# [mySQL 5] Abfrage über mehrere Spalten - Ziel mehrere Spalten



## Mc_Fly_B (1. März 2010)

... und blutiger Anfänger. 

Moin erstmal!

Habe eine Tabelle _ge_board_content_ mit den Spalten _*content_id*_, _board_id_, _parent_content_id_,_ user_id_, _reply_to_ und _views_ und weiteren.
Eine weitere Tabelle _topics_ mit den Spalten _*id_topic*_, _id_board_, _id_first_msg_, _id_member_started_ und _num_views_ und weiteren.
Die fett geschriebenen sind PRIMARY und auto-increment.
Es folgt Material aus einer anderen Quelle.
text \<open>Banach spaces E_n are modelled as closed linear subspaces of one ambient Banach space.\<close>
definition soft_ind_sys ::
  "('i \<Rightarrow> 'i \<Rightarrow> bool) \<Rightarrow> ('i \<Rightarrow> 'a::banach set) \<Rightarrow> ('i \<Rightarrow> 'i \<Rightarrow> 'a \<Rightarrow> 'a) \<Rightarrow> bool" where
  "soft_ind_sys le E j \<longleftrightarrow>
     directed_set le \<and>
     (\<forall>n. subspace (E n) \<and> closed (E n)) \<and>
     (\<forall>n m. le m n \<longrightarrow>
        (\<forall>x\<in>E m. j n m x \<in> E n \<and> norm (j n m x) \<le> norm x) \<and>
        (\<forall>x\<in>E m. \<forall>y\<in>E m. j n m (x + y) = j n m x + j n m y) \<and>
        (\<forall>c. \<forall>x\<in>E m. j n m (c *\<^sub>R x) = c *\<^sub>R j n m x)) \<and>
     (\<forall>n. \<forall>x\<in>E n. j n n x = x) \<and>
     (\<forall>n m. \<not> le m n \<longrightarrow> (\<forall>x\<in>E m. j n m x = 0)) \<and>
     (\<forall>l. \<forall>x\<in>E l. lim_gg_zero le (\<lambda>n m. norm (j n l x - j n m (j m l x))))"

definition is_net :: "('i \<Rightarrow> 'a set) \<Rightarrow> ('i \<Rightarrow> 'a) \<Rightarrow> bool" where
  "is_net E x \<longleftrightarrow> (\<forall>n. x n \<in> E n)"

definition unif_bounded :: "('i \<Rightarrow> 'a::real_normed_vector) \<Rightarrow> bool" where
  "unif_bounded x \<longleftrightarrow> (\<exists>B. \<forall>n. norm (x n) \<le> B)"

definition net_seminorm :: "('i \<Rightarrow> 'i \<Rightarrow> bool) \<Rightarrow> ('i \<Rightarrow> 'a::real_normed_vector) \<Rightarrow> ereal" where
  "net_seminorm le x = Limsup (dir_filter le) (\<lambda>n. ereal (norm (x n)))"

definition basic_net :: "('i \<Rightarrow> 'i \<Rightarrow> 'a \<Rightarrow> 'a) \<Rightarrow> 'i \<Rightarrow> 'a \<Rightarrow> ('i \<Rightarrow> 'a)" where
  "basic_net j m xm = (\<lambda>n. j n m xm)"

definition Cnets ::
  "('i \<Rightarrow> 'i \<Rightarrow> bool) \<Rightarrow> ('i \<Rightarrow> 'a::banach set) \<Rightarrow> ('i \<Rightarrow> 'i \<Rightarrow> 'a \<Rightarrow> 'a) \<Rightarrow> ('i \<Rightarrow> 'a) set" where
  "Cnets le E j = {x. is_net E x \<and> unif_bounded x \<and>
     (\<forall>e>0. \<exists>m. \<exists>xm\<in>E m. net_seminorm le (\<lambda>n. x n - basic_net j m xm n) < ereal e)}"

definition C0nets :: "('i \<Rightarrow> 'i \<Rightarrow> bool) \<Rightarrow> ('i \<Rightarrow> 'a::banach set) \<Rightarrow> ('i \<Rightarrow> 'a) set" where
  "C0nets le E = {x. is_net E x \<and> unif_bounded x \<and>
     ((\<lambda>n. norm (x n)) \<longlongrightarrow> 0) (dir_filter le)}"

text \<open>j-lim_n x_n: the class of x in E_infinity = C(E,j)/C_0(E,j).\<close>
definition jlim ::
  "('i \<Rightarrow> 'i \<Rightarrow> bool) \<Rightarrow> ('i \<Rightarrow> 'a::banach set) \<Rightarrow> ('i \<Rightarrow> 'i \<Rightarrow> 'a \<Rightarrow> 'a) \<Rightarrow> ('i \<Rightarrow> 'a) \<Rightarrow> ('i \<Rightarrow> 'a) set" where
  "jlim le E j x = {y \<in> Cnets le E j. (\<lambda>n. y n - x n) \<in> C0nets le E}"

definition Einf ::
  "('i \<Rightarrow> 'i \<Rightarrow> bool) \<Rightarrow> ('i \<Rightarrow> 'a::banach set) \<Rightarrow> ('i \<Rightarrow> 'i \<Rightarrow> 'a \<Rightarrow> 'a) \<Rightarrow> ('i \<Rightarrow> 'a) set set" where
  "Einf le E j = jlim le E j ` Cnets le E j"

definition bounded_op_net ::
  "('i \<Rightarrow> 'a::banach set) \<Rightarrow> ('i \<Rightarrow> 'b::banach set) \<Rightarrow> ('i \<Rightarrow> 'a \<Rightarrow> 'b) \<Rightarrow> bool" where
  "bounded_op_net E Et T \<longleftrightarrow>
     (\<forall>n. (\<forall>x\<in>E n. T n x \<in> Et n) \<and>
          (\<forall>x\<in>E n. \<forall>y\<in>E n. T n (x + y) = T n x + T n y) \<and>
          (\<forall>c. \<forall>x\<in>E n. T n (c *\<^sub>R x) = c *\<^sub>R T n x)) \<and>
     (\<exists>B. \<forall>n. \<forall>x\<in>E n. norm (T n x) \<le> B * norm x)"

definition op_convergent ::
  "('i \<Rightarrow> 'i \<Rightarrow> bool) \<Rightarrow> ('i \<Rightarrow> 'a::banach set) \<Rightarrow> ('i \<Rightarrow> 'i \<Rightarrow> 'a \<Rightarrow> 'a)
    \<Rightarrow> ('i \<Rightarrow> 'b::banach set) \<Rightarrow> ('i \<Rightarrow> 'i \<Rightarrow> 'b \<Rightarrow> 'b) \<Rightarrow> ('i \<Rightarrow> 'a \<Rightarrow> 'b) \<Rightarrow> bool" where
  "op_convergent le E j Et jt T \<longleftrightarrow> bounded_op_net E Et T \<and>
     (\<forall>x\<in>Cnets le E j. (\<lambda>n. T n (x n)) \<in> Cnets le Et jt)"

definition op_limit ::
  "('i \<Rightarrow> 'i \<Rightarrow> bool) \<Rightarrow> ('i \<Rightarrow> 'b::banach set) \<Rightarrow> ('i \<Rightarrow> 'i \<Rightarrow> 'b \<Rightarrow> 'b)
    \<Rightarrow> ('i \<Rightarrow> 'a \<Rightarrow> 'b) \<Rightarrow> ('i \<Rightarrow> 'a) set \<Rightarrow> ('i \<Rightarrow> 'b) set" where
  "op_limit le Et jt T X = jlim le Et jt (\<lambda>n. T n ((SOME x. x \<in> X) n))"

end

theory Submission imports Defs begin
(* Let $\mathcal N=\{\mathbb 1\}\cup\bigcup_{i=1}^{n-1}\{U^{(1)}_{2,1}U^{(2)}_{3,2}\cdots U^{(i)}_{i+1,i}:U^{(j)}\in\{\mathrm{SWAP},\mathrm{CNOT}\}\}$, where the $U^{(j)}$ are chosen independently. Then $$M=\sum_{z\in\mathbb{F}_2^n}|\hat Z_z)(\hat Z_z|=|\hat{\mathbb 1})(\hat{\mathbb 1}|+\sum_{g\in\mathcal N}\omega(g)^\dagger|\hat Z_1)(\hat Z_1|\omega(g).$$
   Context: $d=2^n$; $(A|B)=\mathrm{Tr}(A^\dagger B)$; $|A)(B|$ is the superoperator $C\mapsto(B|C)A$; products of superoperators are compositions. $\omega(g)(A)=gAg^\dagger$, $\omega(g)^\dagger(A)=g^\dagger Ag$. $M=\sum_{x\in\mathbb{F}_2^n}|E_x)(E_x|$ with $E_x=|x\rangle\langle x|$. $Z_z=\bigotimes_iZ^{z_i}$, $\hat Z_z=Z_z/\sqrt d$, $\hat{\mathbb 1}=\mathbb 1/\sqrt d$, $Z_1=Z\otimes\mathbb 1^{\otimes(n-1)}$. For a two-qubit unitary $U$, $U_{i,j}$ denotes $U$ applied to the ordered qubit pair $(i,j)$; in particular $\mathrm{CNOT}_{j+1,j}$ has control qubit $j+1$ and target qubit $j$. *)

theory Defs
  imports Complex_Main "Jordan_Normal_Form.Matrix"
begin

text \<open>Basis index k in {0..<2^n} encodes the computational basis state |x_1 ... x_n>,
  qubit 1 being the leftmost (most significant) tensor factor.
  qbit n k i is the value x_i (in {0,1}) of qubit i (1 <= i <= n).\<close>
definition qbit :: "nat \<Rightarrow> nat \<Rightarrow> nat \<Rightarrow> nat" where
  "qbit n k i = (k div 2 ^ (n - i)) mod 2"

definition dagger :: "complex mat \<Rightarrow> complex mat" where
  "dagger A = mat (dim_col A) (dim_row A) (\<lambda>(i, j). cnj (A $$ (j, i)))"

text \<open>Hilbert-Schmidt inner product (A|B) = Tr(A^dagger B).\<close>
definition mtrace :: "complex mat \<Rightarrow> complex" where
  "mtrace A = (\<Sum>i<dim_row A. A $$ (i, i))"

definition hs :: "complex mat \<Rightarrow> complex mat \<Rightarrow> complex" where
  "hs A B = mtrace (dagger A * B)"

text \<open>The superoperator |A)(B| : C \<mapsto> (B|C) A.\<close>
definition ketbra :: "complex mat \<Rightarrow> complex mat \<Rightarrow> (complex mat \<Rightarrow> complex mat)" where
  "ketbra A B = (\<lambda>C. hs B C \<cdot>\<^sub>m A)"

definition msum :: "nat \<Rightarrow> ('a \<Rightarrow> complex mat) \<Rightarrow> 'a set \<Rightarrow> complex mat" where
  "msum d f S = mat d d (\<lambda>ij. \<Sum>s\<in>S. f s $$ ij)"

definition sosum :: "nat \<Rightarrow> ('a \<Rightarrow> complex mat \<Rightarrow> complex mat) \<Rightarrow> 'a set
    \<Rightarrow> (complex mat \<Rightarrow> complex mat)" where
  "sosum d F S = (\<lambda>A. msum d (\<lambda>s. F s A) S)"

definition soplus :: "nat \<Rightarrow> (complex mat \<Rightarrow> complex mat) \<Rightarrow> (complex mat \<Rightarrow> complex mat)
    \<Rightarrow> (complex mat \<Rightarrow> complex mat)" where
  "soplus d F G = (\<lambda>A. F A + G A)"

definition omega :: "complex mat \<Rightarrow> complex mat \<Rightarrow> complex mat" where
  "omega g = (\<lambda>A. g * A * dagger g)"

definition omega_dag :: "complex mat \<Rightarrow> complex mat \<Rightarrow> complex mat" where
  "omega_dag g = (\<lambda>A. dagger g * A * g)"

definition Eproj :: "nat \<Rightarrow> nat \<Rightarrow> complex mat" where
  "Eproj n x = mat (2 ^ n) (2 ^ n) (\<lambda>(r, c). if r = x \<and> c = x then 1 else 0)"

definition Mch :: "nat \<Rightarrow> complex mat \<Rightarrow> complex mat" where
  "Mch n = sosum (2 ^ n) (\<lambda>x. ketbra (Eproj n x) (Eproj n x)) {0..<2 ^ n}"

text \<open>Z_z for z in F_2^n, with z identified with its support S = {i. z_i = 1} \<subseteq> {1..n}:
  Z_z = diag((-1)^(sum_i z_i x_i)).\<close>
definition Zop :: "nat \<Rightarrow> nat set \<Rightarrow> complex mat" where
  "Zop n S = mat (2 ^ n) (2 ^ n)
     (\<lambda>(r, c). if r = c then (-1) ^ card {i \<in> S. qbit n r i = 1} else 0)"

definition Zhat :: "nat \<Rightarrow> nat set \<Rightarrow> complex mat" where
  "Zhat n S = (1 / complex_of_real (sqrt (2 ^ n))) \<cdot>\<^sub>m Zop n S"

definition Idhat :: "nat \<Rightarrow> complex mat" where
  "Idhat n = (1 / complex_of_real (sqrt (2 ^ n))) \<cdot>\<^sub>m 1\<^sub>m (2 ^ n)"

text \<open>Two-qubit gates (4x4, basis |ab> with a the first qubit of the ordered pair).\<close>
definition CNOT :: "complex mat" where
  "CNOT = mat 4 4 (\<lambda>(r, c). if c = (if r \<ge> 2 then (if r = 2 then 3 else 2) else r) then 1 else 0)"

definition SWAP :: "complex mat" where
  "SWAP = mat 4 4 (\<lambda>(r, c). if c = (if r = 1 then 2 else if r = 2 then 1 else r) then 1 else 0)"

definition apply2 :: "nat \<Rightarrow> complex mat \<Rightarrow> nat \<Rightarrow> nat \<Rightarrow> complex mat" where
  "apply2 n U i j = mat (2 ^ n) (2 ^ n) (\<lambda>(r, c).
     if (\<forall>k\<in>{1..n} - {i, j}. qbit n r k = qbit n c k)
     then U $$ (2 * qbit n r i + qbit n r j, 2 * qbit n c i + qbit n c j) else 0)"

text \<open>chain n [U1,...,Ui] = U1_{2,1} U2_{3,2} ... Ui_{i+1,i}.\<close>
definition chain :: "nat \<Rightarrow> complex mat list \<Rightarrow> complex mat" where
  "chain n us = foldr (\<lambda>(j, U) acc. apply2 n U (j + 1) j * acc)
                      (zip [1..<length us + 1] us) (1\<^sub>m (2 ^ n))"

definition Nset :: "nat \<Rightarrow> complex mat set" where
  "Nset n = {1\<^sub>m (2 ^ n)} \<union>
     (\<Union>i\<in>{1..n-1}. {chain n us | us. length us = i \<and> set us \<subseteq> {SWAP, CNOT}})"

end

theory Submission
  imports Defs
begin

text \<open>
  Every Z_z and every E_x is diagonal, and |D)(D| applied to A only sees the diagonal of A when D
  is diagonal. Hence M and the sum of the normalised |Z_z)(Z_z| are both the dephasing map
  A |-> diag A: for M this is immediate, for the Z_z it is the orthogonality of the characters
  x |-> (-1)^(z.x) of F_2^n.

  For the second identity, CNOT and SWAP permute the computational basis, so each chain g is a
  permutation matrix and omega(g)^dagger |Z_1)(Z_1| omega(g) = |g^dagger Z_1 g)(g^dagger Z_1 g|.
  Conjugation by CNOT_{j+1,j} turns Z_j into Z_j Z_{j+1}, conjugation by SWAP_{j+1,j} turns it into
  Z_{j+1}; so for g = U^(1)_{2,1} ... U^(i)_{i+1,i} we get g^dagger Z_1 g = Z_S with
  S = {j <= i. U^(j) = CNOT} \<union> {i + 1}. Since max S = i + 1 recovers the length, this is a
  bijection from the gate sequences onto the nonempty subsets of {1..n}, and the identity
  supplies S = {}.
\<close>

section \<open>Adjoints, traces and conjugated projectors\<close>

lemma dagger_dim [simp]: "dim_row (dagger A) = dim_col A" "dim_col (dagger A) = dim_row A"
  by (simp_all add: dagger_def)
Gebe hier nur Spalten an, die vorerst wichtig erscheinen.

Nun soll _topics.id_topic_ als sich erhöhender Zähler dienen. _topics.id_board_ soll mit _ge_board_content_, _topics.id_first_msg_ soll mit _ge_board_content.content_id_, _topics.id_member_startet_ mit _ge_board_content.user_id_ und _topics.num_views_ mit _ge_board_content.views_ befüllt werden, wenn _ge_board_content.parent_content_id_ und _ge_board_content.reply_to_ gleich "0" sind.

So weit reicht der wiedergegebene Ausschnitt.